### TO DO
Restate verbatim the span of lines below between the line with "p * coord_count" and the line with "nat) \<Rightarrow> nat", including those two lines, and only that span.

*** DATASET RECORDS ***

lemma exists_power_sum_nonzero:
  fixes z :: "nat \<Rightarrow> complex"
  assumes "0 < n" and "0 < d" and "1 < p"
    and sym: "\<forall>Q\<in>V d n. P1 n Q = 0 \<longrightarrow> v_symmetric n p Q"
    and z: "z \<in> V d n"
  shows "\<exists>k. p ^ k dvd gcd d n \<and> P1 n (\<lambda>i. z i ^ p ^ k) \<noteq> 0"
proof (rule ccontr)
  assume "\<not> ?thesis"
  then have vanish: "P1 n (\<lambda>i. z i ^ p ^ k) = 0" if "p ^ k dvd gcd d n" for k
    using that by blast
  have unit: "z i ^ d = 1" if "i < n" for i using z that by (simp add: V_def)
  have nonzero: "z i \<noteq> 0" if "i < n" for i using unit[OF that] \<open>0 < d\<close> by (auto simp: power_0_left)
  have "p ^ j dvd gcd d n \<and> (\<forall>i<n. p ^ j dvd coord_count n (\<lambda>l. z l ^ p ^ j) (z i ^ p ^ j))" for j
  proof (induction j)
    case (Suc j)
    define u where "u = (\<lambda>i. z i ^ p ^ j)"
    have "u \<in> V d n"
      using z unit by (simp add: V_def u_def power_mult[symmetric] mult.commute) (simp add: power_mult)
    moreover have "P1 n u = 0" using vanish Suc.IH by (simp add: u_def)
    ultimately have sym_u: "v_symmetric n p u" using sym by blast
    obtain d' where d': "d = p ^ j * d'" using Suc.IH by (meson dvd_gcdD1 dvdE)
    have "p dvd d'"
      by (rule v_symmetric_dvd_exponent[OF sym_u \<open>0 < n\<close>])
        (use \<open>1 < p\<close> unit d' in \<open>simp_all add: u_def power_mult[symmetric]\<close>)
    then have "p ^ Suc j dvd d" using d' by (simp add: mult_dvd_mono mult.commute)
    moreover have counts: "p ^ Suc j dvd coord_count n (\<lambda>l. z l ^ p ^ Suc j) (z i ^ p ^ Suc j)"
      if "i < n" for i
    proof -
      have "z l ^ p ^ Suc j = u l ^ p" for l by (simp add: u_def power_mult[symmetric] mult.commute)
      then have "coord_count n (\<lambda>l. z l ^ p ^ Suc j) (z i ^ p ^ Suc j) = p * coord_count n u (u i)"
        using v_symmetric_coord_count_power[OF sym_u, of "u i"] \<open>1 < p\<close> nonzero[OF that]
        by (simp add: u_def)
      then show ?thesis using Suc.IH that by (simp add: u_def mult_dvd_mono)
    qed
    moreover have "p ^ Suc j dvd n" using counts by (rule dvd_if_dvd_coord_count)
    ultimately show ?case by simp
  qed simp
  then have "p ^ gcd d n dvd gcd d n" by blast
  then have "p ^ gcd d n \<le> gcd d n" using \<open>0 < n\<close> by (simp add: dvd_imp_le)
  moreover have "gcd d n < 2 ^ gcd d n" by (rule less_exp)
  moreover have "(2::nat) ^ gcd d n \<le> p ^ gcd d n" using \<open>1 < p\<close> by (simp add: power_mono)
  ultimately show False by simp
qed

section \<open>Powers of power sums\<close>

text \<open>Expanding \<open>(\<Sum>i<n. x i ^ m) ^ e\<close> gives one monomial \<open>\<Prod>k<e. x (s k) ^ m\<close> per word
  \<open>s \<in> {..<e} \<rightarrow> {..<n}\<close>; \<open>word_exps m e s\<close> is its exponent vector, so the coefficient of
  \<open>\<Prod>i<n. x i ^ \<gamma> i\<close> counts the words with exponent vector \<open>\<gamma>\<close>.\<close>
definition word_exps :: "nat \<Rightarrow> nat \<Rightarrow> (nat \<Rightarrow> nat) \<Rightarrow> nat \<Rightarrow> nat" where
  "word_exps m e s i = m * card {k\<in>{..<e}. s k = i}"

definition power_sum_power :: "nat \<Rightarrow> nat \<Rightarrow> nat \<Rightarrow> (nat \<Rightarrow> nat) \<Rightarrow> complex" where
  "power_sum_power n m e \<gamma> = of_nat (card {s \<in> {..<e} \<rightarrow>\<^sub>E {..<n}. word_exps m e s = \<gamma>})"

lemma word_exps_mem_mon_exps:
  assumes s: "s \<in> {..<e} \<rightarrow>\<^sub>E {..<n}"
  shows "word_exps m e s \<in> mon_exps n (m * e)"
proof -
  have "(\<Sum>i<n. card {k\<in>{..<e}. s k = i}) = e"
    using s sum.group[of "{..<e}" "{..<n}" s "\<lambda>_. 1::nat"] by auto
  then have "(\<Sum>i<n. word_exps m e s i) = m * e" by (simp add: word_exps_def sum_distrib_left[symmetric])
  moreover have "word_exps m e s i = 0" if "n \<le> i" for i
    using s that by (auto simp: word_exps_def PiE_def Pi_def)
  ultimately show ?thesis by (simp add: mon_exps_def)
qed

lemma prod_power_word_exps:
  assumes s: "s \<in> {..<e} \<rightarrow>\<^sub>E {..<n}"
  shows "(\<Prod>i<n. z i ^ word_exps m e s i) = (\<Prod>k<e. z (s k) ^ m)"
proof -
  have "z i ^ word_exps m e s i = (\<Prod>k\<in>{k\<in>{..<e}. s k = i}. z (s k) ^ m)" for i
    by (simp add: word_exps_def power_mult[symmetric] mult.commute)
  then have "(\<Prod>i<n. z i ^ word_exps m e s i) = (\<Prod>i<n. \<Prod>k\<in>{k\<in>{..<e}. s k = i}. z (s k) ^ m)"
    by simp
  also have "\<dots> = (\<Prod>k<e. z (s k) ^ m)" using s by (intro prod.group) auto
  finally show ?thesis .
qed

lemma card_word_exps_permute_le:
  assumes \<sigma>: "\<sigma> permutes {..<n}"
  shows "card {s \<in> {..<e} \<rightarrow>\<^sub>E {..<n}. word_exps m e s = \<gamma> \<circ> \<sigma>}
    \<le> card {s \<in> {..<e} \<rightarrow>\<^sub>E {..<n}. word_exps m e s = \<gamma>}"
proof (rule card_inj_on_le)
  define h where "h s = restrict (\<sigma> \<circ> s) {..<e}" for s :: "nat \<Rightarrow> nat"
  have "{k\<in>{..<e}. h s k = i} = {k\<in>{..<e}. s k = inv \<sigma> i}" for s i
    unfolding h_def using permutes_inverses[OF \<sigma>] by auto
  then have word_exps_h: "word_exps m e (h s) = word_exps m e s \<circ> inv \<sigma>" for s
    by (simp add: word_exps_def fun_eq_iff)
  show "inj_on h {s \<in> {..<e} \<rightarrow>\<^sub>E {..<n}. word_exps m e s = \<gamma> \<circ> \<sigma>}"
  proof (rule inj_onI)
    fix s t assume s: "s \<in> {s \<in> {..<e} \<rightarrow>\<^sub>E {..<n}. word_exps m e s = \<gamma> \<circ> \<sigma>}"
      and t: "t \<in> {s \<in> {..<e} \<rightarrow>\<^sub>E {..<n}. word_exps m e s = \<gamma> \<circ> \<sigma>}" and "h s = h t"
    have "\<sigma> (s k) = \<sigma> (t k)" if "k < e" for k
      using that fun_cong[OF \<open>h s = h t\<close>, of k] by (simp add: h_def restrict_apply')
    then show "s = t"
      using s t permutes_inj[OF \<sigma>] by (auto simp: inj_eq intro: PiE_ext)
  qed
  show "h ` {s \<in> {..<e} \<rightarrow>\<^sub>E {..<n}. word_exps m e s = \<gamma> \<circ> \<sigma>}
      \<subseteq> {s \<in> {..<e} \<rightarrow>\<^sub>E {..<n}. word_exps m e s = \<gamma>}"
  proof (rule image_subsetI)
    fix s assume "s \<in> {s \<in> {..<e} \<rightarrow>\<^sub>E {..<n}. word_exps m e s = \<gamma> \<circ> \<sigma>}"
    then have s: "s \<in> {..<e} \<rightarrow>\<^sub>E {..<n}" and ws: "word_exps m e s = \<gamma> \<circ> \<sigma>" by auto
    have "h s \<in> {..<e} \<rightarrow>\<^sub>E {..<n}"
      using s permutes_in_image[OF \<sigma>] by (auto simp: h_def PiE_def Pi_def)
    moreover have "word_exps m e (h s) = \<gamma>"
      unfolding word_exps_h ws using permutes_inverses(1)[OF \<sigma>] by (simp add: fun_eq_iff)
    ultimately show "h s \<in> {s \<in> {..<e} \<rightarrow>\<^sub>E {..<n}. word_exps m e s = \<gamma>}" by simp
  qed
qed (simp add: finite_PiE)

lemma sym_hom_poly_power_sum_power: "sym_hom_poly n (m * e) (power_sum_power n m e)"
  unfolding sym_hom_poly_def
proof (intro conjI allI impI)
  fix \<alpha> assume "\<alpha> \<notin> mon_exps n (m * e)"
  then have "{s \<in> {..<e} \<rightarrow>\<^sub>E {..<n}. word_exps m e s = \<alpha>} = {}"
    using word_exps_mem_mon_exps by blast
  then show "power_sum_power n m e \<alpha> = 0" unfolding power_sum_power_def by (metis card.empty of_nat_0)
next
  fix \<sigma> \<alpha> :: "nat \<Rightarrow> nat" assume \<sigma>: "\<sigma> permutes {..<n}"
  have "\<alpha> \<circ> \<sigma> \<circ> inv \<sigma> = \<alpha>" using permutes_inv_o(1)[OF \<sigma>] by (simp add: comp_assoc)
  then show "power_sum_power n m e (\<alpha> \<circ> \<sigma>) = power_sum_power n m e \<alpha>"
    using card_word_exps_permute_le[OF \<sigma>, of e m \<alpha>]
      card_word_exps_permute_le[OF permutes_inv[OF \<sigma>], of e m "\<alpha> \<circ> \<sigma>"]
    by (simp add: power_sum_power_def)
qed

lemma hom_eval_power_sum_power:
  "hom_eval n (m * e) (power_sum_power n m e) z = P1 n (\<lambda>i. z i ^ m) ^ e"
proof -
  let ?W = "{..<e} \<rightarrow>\<^sub>E {..<n}"
  have finite_W: "finite ?W" by (simp add: finite_PiE)
  have "hom_eval n (m * e) (power_sum_power n m e) z
      = (\<Sum>\<gamma>\<in>mon_exps n (m * e). of_nat (card {s\<in>?W. word_exps m e s = \<gamma>}) * (\<Prod>i<n. z i ^ \<gamma> i))"
    by (simp only: hom_eval_def power_sum_power_def)
  also have "\<dots> = (\<Sum>\<gamma>\<in>mon_exps n (m * e).
      \<Sum>s\<in>{s\<in>?W. word_exps m e s = \<gamma>}. \<Prod>i<n. z i ^ word_exps m e s i)"
  proof (rule sum.cong[OF refl])
    fix \<gamma>
    have "(\<Sum>s\<in>{s\<in>?W. word_exps m e s = \<gamma>}. \<Prod>i<n. z i ^ word_exps m e s i)
        = (\<Sum>s\<in>{s\<in>?W. word_exps m e s = \<gamma>}. \<Prod>i<n. z i ^ \<gamma> i)"
      by (rule sum.cong) auto
    then show "of_nat (card {s\<in>?W. word_exps m e s = \<gamma>}) * (\<Prod>i<n. z i ^ \<gamma> i)
        = (\<Sum>s\<in>{s\<in>?W. word_exps m e s = \<gamma>}. \<Prod>i<n. z i ^ word_exps m e s i)"
      by simp
  qed
  also have "\<dots> = (\<Sum>s\<in>?W. \<Prod>i<n. z i ^ word_exps m e s i)"
    by (rule sum.group[OF finite_W finite_mon_exps]) (use word_exps_mem_mon_exps in blast)
  also have "\<dots> = (\<Sum>s\<in>?W. \<Prod>k<e. z (s k) ^ m)"
    by (rule sum.cong[OF refl]) (simp add: prod_power_word_exps)
  also have "\<dots> = (\<Prod>k<e. \<Sum>i<n. z i ^ m)"
    by (rule prod_sum_PiE[symmetric]) simp_all
  finally show ?thesis by (simp add: P1_def)
qed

*** End of DATASET RECORDS ***

### RESULT OF THE EXERCISE
      then have "coord_count n (\<lambda>l. z l ^ p ^ Suc j) (z i ^ p ^ Suc j) = p * coord_count n u (u i)"
        using v_symmetric_coord_count_power[OF sym_u, of "u i"] \<open>1 < p\<close> nonzero[OF that]
        by (simp add: u_def)
      then show ?thesis using Suc.IH that by (simp add: u_def mult_dvd_mono)
    qed
    moreover have "p ^ Suc j dvd n" using counts by (rule dvd_if_dvd_coord_count)
    ultimately show ?case by simp
  qed simp
  then have "p ^ gcd d n dvd gcd d n" by blast
  then have "p ^ gcd d n \<le> gcd d n" using \<open>0 < n\<close> by (simp add: dvd_imp_le)
  moreover have "gcd d n < 2 ^ gcd d n" by (rule less_exp)
  moreover have "(2::nat) ^ gcd d n \<le> p ^ gcd d n" using \<open>1 < p\<close> by (simp add: power_mono)
  ultimately show False by simp
qed

section \<open>Powers of power sums\<close>

text \<open>Expanding \<open>(\<Sum>i<n. x i ^ m) ^ e\<close> gives one monomial \<open>\<Prod>k<e. x (s k) ^ m\<close> per word
  \<open>s \<in> {..<e} \<rightarrow> {..<n}\<close>; \<open>word_exps m e s\<close> is its exponent vector, so the coefficient of
  \<open>\<Prod>i<n. x i ^ \<gamma> i\<close> counts the words with exponent vector \<open>\<gamma>\<close>.\<close>
definition word_exps :: "nat \<Rightarrow> nat \<Rightarrow> (nat \<Rightarrow> nat) \<Rightarrow> nat \<Rightarrow> nat" where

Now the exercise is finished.